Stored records
· · · · · · ·

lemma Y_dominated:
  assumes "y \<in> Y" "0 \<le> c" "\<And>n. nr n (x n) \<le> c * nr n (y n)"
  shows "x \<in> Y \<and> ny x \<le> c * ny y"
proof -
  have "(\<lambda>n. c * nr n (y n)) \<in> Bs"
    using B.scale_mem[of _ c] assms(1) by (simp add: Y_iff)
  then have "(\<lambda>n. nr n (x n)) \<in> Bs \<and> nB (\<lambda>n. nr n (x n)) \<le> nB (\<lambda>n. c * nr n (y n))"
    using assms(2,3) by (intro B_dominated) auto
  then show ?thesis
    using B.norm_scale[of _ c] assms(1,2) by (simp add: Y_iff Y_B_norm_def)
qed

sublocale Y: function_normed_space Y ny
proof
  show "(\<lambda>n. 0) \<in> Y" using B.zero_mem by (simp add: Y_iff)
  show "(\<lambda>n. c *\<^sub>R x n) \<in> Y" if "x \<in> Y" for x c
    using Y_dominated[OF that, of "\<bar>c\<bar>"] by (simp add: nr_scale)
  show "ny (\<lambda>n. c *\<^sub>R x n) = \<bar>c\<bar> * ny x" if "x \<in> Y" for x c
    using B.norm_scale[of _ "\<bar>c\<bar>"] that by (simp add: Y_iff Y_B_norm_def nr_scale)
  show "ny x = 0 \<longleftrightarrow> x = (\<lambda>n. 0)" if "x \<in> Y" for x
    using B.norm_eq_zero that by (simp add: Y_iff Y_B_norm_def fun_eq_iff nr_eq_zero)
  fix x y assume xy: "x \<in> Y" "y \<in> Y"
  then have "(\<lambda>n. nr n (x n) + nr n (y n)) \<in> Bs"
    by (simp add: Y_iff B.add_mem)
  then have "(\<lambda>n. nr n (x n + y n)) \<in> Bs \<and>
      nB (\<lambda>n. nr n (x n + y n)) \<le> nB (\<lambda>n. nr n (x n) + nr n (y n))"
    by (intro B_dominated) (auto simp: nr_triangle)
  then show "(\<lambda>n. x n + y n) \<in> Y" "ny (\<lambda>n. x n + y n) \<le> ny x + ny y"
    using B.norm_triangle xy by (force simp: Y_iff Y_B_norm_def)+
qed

· · · · · · ·

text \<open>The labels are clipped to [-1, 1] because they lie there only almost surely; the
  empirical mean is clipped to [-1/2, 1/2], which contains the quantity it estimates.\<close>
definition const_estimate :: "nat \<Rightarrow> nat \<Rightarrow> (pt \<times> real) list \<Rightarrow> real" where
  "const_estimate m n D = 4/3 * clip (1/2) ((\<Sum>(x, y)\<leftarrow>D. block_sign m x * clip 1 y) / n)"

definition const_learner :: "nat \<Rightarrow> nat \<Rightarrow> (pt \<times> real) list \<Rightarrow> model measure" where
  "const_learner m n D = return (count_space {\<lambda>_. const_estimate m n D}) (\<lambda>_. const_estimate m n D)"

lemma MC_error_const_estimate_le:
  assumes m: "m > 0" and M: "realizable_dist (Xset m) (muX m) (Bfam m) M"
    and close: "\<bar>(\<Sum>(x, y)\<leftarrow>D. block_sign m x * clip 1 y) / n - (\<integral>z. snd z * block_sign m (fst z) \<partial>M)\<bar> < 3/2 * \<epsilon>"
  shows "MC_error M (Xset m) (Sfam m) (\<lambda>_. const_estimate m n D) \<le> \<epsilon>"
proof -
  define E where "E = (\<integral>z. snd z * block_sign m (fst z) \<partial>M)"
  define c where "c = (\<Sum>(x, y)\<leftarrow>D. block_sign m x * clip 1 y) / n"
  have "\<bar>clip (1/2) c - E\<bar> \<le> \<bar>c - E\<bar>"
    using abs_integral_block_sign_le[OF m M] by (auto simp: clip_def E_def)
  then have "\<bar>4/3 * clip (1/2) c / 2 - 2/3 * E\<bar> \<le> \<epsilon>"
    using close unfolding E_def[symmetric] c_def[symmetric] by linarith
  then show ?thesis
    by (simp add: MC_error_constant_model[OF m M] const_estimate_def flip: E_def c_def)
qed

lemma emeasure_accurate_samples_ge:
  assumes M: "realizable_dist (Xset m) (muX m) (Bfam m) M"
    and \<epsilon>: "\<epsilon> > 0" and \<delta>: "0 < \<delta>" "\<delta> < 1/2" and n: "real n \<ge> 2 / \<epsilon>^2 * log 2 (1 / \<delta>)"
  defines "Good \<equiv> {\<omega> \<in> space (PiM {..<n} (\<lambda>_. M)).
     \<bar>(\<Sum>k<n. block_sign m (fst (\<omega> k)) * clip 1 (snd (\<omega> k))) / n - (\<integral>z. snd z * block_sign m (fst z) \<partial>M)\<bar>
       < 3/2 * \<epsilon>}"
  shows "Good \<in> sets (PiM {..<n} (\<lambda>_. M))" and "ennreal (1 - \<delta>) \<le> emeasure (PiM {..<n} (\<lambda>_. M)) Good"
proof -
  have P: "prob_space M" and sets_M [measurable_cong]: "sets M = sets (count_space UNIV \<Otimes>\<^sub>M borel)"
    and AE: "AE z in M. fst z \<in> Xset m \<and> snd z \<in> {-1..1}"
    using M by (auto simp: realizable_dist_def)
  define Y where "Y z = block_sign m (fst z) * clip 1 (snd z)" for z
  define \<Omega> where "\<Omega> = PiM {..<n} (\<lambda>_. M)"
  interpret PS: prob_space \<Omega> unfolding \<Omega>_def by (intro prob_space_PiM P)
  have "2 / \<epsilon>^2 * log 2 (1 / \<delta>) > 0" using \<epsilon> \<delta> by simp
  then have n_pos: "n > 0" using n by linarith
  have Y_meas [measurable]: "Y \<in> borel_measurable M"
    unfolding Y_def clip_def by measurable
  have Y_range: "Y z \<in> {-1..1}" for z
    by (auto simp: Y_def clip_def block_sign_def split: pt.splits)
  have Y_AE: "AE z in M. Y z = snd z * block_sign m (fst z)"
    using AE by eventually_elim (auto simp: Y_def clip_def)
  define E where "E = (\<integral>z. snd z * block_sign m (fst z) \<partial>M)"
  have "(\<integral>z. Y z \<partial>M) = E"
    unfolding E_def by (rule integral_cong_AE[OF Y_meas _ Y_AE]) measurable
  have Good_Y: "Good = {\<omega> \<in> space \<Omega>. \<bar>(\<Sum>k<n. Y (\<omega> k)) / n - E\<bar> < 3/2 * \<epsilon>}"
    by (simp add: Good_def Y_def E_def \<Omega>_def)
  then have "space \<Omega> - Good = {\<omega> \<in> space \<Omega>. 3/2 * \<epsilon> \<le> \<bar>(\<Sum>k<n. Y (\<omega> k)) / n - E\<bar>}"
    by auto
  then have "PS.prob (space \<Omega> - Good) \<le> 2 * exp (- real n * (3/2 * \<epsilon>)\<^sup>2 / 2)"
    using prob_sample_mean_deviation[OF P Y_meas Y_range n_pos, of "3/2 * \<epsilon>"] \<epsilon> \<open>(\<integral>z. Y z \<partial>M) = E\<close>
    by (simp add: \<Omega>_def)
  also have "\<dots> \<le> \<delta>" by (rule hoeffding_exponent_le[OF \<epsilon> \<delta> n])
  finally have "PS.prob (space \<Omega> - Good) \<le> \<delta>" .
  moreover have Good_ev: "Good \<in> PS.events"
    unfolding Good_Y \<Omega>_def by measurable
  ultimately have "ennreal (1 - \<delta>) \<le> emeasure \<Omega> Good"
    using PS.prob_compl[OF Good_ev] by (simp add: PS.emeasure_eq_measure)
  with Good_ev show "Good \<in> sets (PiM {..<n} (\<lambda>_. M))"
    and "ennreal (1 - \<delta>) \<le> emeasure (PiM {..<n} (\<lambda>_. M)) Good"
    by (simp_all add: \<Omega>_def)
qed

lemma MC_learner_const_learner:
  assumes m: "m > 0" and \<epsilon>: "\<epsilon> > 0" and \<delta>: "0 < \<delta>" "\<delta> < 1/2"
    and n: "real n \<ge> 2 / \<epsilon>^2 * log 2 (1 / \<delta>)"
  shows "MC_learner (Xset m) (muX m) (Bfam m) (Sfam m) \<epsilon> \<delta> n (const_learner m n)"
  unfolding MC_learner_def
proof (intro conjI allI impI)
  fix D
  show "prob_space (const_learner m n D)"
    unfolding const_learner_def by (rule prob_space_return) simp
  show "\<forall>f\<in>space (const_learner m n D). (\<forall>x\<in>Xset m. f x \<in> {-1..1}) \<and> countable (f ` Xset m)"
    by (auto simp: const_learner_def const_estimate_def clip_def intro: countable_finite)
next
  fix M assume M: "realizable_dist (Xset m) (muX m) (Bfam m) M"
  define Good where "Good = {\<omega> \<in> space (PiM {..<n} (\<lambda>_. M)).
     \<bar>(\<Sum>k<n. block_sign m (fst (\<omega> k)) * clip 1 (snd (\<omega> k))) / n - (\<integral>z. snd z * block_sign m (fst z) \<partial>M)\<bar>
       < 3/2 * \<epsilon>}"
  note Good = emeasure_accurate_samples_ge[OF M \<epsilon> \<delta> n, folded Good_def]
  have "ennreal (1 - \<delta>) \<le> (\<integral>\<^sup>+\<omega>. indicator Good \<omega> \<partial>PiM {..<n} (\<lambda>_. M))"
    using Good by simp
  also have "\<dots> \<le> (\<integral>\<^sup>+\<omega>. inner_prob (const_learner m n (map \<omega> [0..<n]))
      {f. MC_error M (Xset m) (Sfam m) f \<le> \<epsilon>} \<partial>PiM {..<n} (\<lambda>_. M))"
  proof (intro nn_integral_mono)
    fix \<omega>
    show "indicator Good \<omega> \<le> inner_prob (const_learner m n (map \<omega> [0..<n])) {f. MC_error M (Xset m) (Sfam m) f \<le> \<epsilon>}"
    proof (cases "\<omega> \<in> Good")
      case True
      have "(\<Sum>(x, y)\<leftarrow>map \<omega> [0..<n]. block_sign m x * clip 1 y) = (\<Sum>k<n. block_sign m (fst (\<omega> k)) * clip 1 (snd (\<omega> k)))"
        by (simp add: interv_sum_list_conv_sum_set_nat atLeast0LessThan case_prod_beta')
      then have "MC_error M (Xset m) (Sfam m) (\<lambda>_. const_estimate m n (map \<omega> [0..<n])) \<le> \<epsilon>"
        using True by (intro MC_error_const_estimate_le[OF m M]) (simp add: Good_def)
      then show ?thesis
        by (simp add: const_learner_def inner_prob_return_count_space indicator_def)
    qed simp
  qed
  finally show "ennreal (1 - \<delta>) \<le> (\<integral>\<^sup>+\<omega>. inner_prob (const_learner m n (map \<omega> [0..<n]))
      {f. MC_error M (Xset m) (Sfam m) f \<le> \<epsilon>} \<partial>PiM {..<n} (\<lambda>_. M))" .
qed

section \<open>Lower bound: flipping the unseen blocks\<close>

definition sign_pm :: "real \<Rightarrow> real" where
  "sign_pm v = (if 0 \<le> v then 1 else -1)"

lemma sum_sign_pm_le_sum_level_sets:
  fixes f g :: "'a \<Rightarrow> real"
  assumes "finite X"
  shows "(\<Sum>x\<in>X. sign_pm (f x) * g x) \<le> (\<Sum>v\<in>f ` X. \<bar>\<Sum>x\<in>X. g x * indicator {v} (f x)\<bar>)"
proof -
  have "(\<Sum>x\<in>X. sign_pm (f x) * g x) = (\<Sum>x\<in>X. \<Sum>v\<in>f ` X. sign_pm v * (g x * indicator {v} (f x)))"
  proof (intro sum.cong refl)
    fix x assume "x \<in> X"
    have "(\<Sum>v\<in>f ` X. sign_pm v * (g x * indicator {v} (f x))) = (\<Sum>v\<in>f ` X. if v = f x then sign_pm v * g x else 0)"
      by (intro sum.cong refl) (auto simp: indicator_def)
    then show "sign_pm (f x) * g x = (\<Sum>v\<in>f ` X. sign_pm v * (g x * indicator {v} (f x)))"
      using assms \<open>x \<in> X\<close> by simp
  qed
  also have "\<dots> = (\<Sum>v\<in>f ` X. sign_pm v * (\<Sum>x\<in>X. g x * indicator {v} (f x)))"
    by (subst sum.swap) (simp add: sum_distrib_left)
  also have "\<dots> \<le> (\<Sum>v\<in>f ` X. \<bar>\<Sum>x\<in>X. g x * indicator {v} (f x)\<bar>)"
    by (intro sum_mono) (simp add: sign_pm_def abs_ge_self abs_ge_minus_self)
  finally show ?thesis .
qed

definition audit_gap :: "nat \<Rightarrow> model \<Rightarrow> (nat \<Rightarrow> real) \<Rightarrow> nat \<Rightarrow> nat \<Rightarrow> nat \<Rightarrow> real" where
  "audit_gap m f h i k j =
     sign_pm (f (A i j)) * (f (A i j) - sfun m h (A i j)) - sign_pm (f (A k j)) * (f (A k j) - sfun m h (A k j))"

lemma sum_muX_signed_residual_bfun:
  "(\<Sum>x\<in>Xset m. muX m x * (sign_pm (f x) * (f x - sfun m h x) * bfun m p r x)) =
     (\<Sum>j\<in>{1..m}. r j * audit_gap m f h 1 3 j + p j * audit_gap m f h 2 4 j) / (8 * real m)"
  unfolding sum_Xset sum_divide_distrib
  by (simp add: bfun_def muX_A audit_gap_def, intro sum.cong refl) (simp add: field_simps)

· · · · · · ·

Problem requirements ->
Scan each line above for the string "ennreal". Give the tally and nothing else.

Result for this exercise ->
5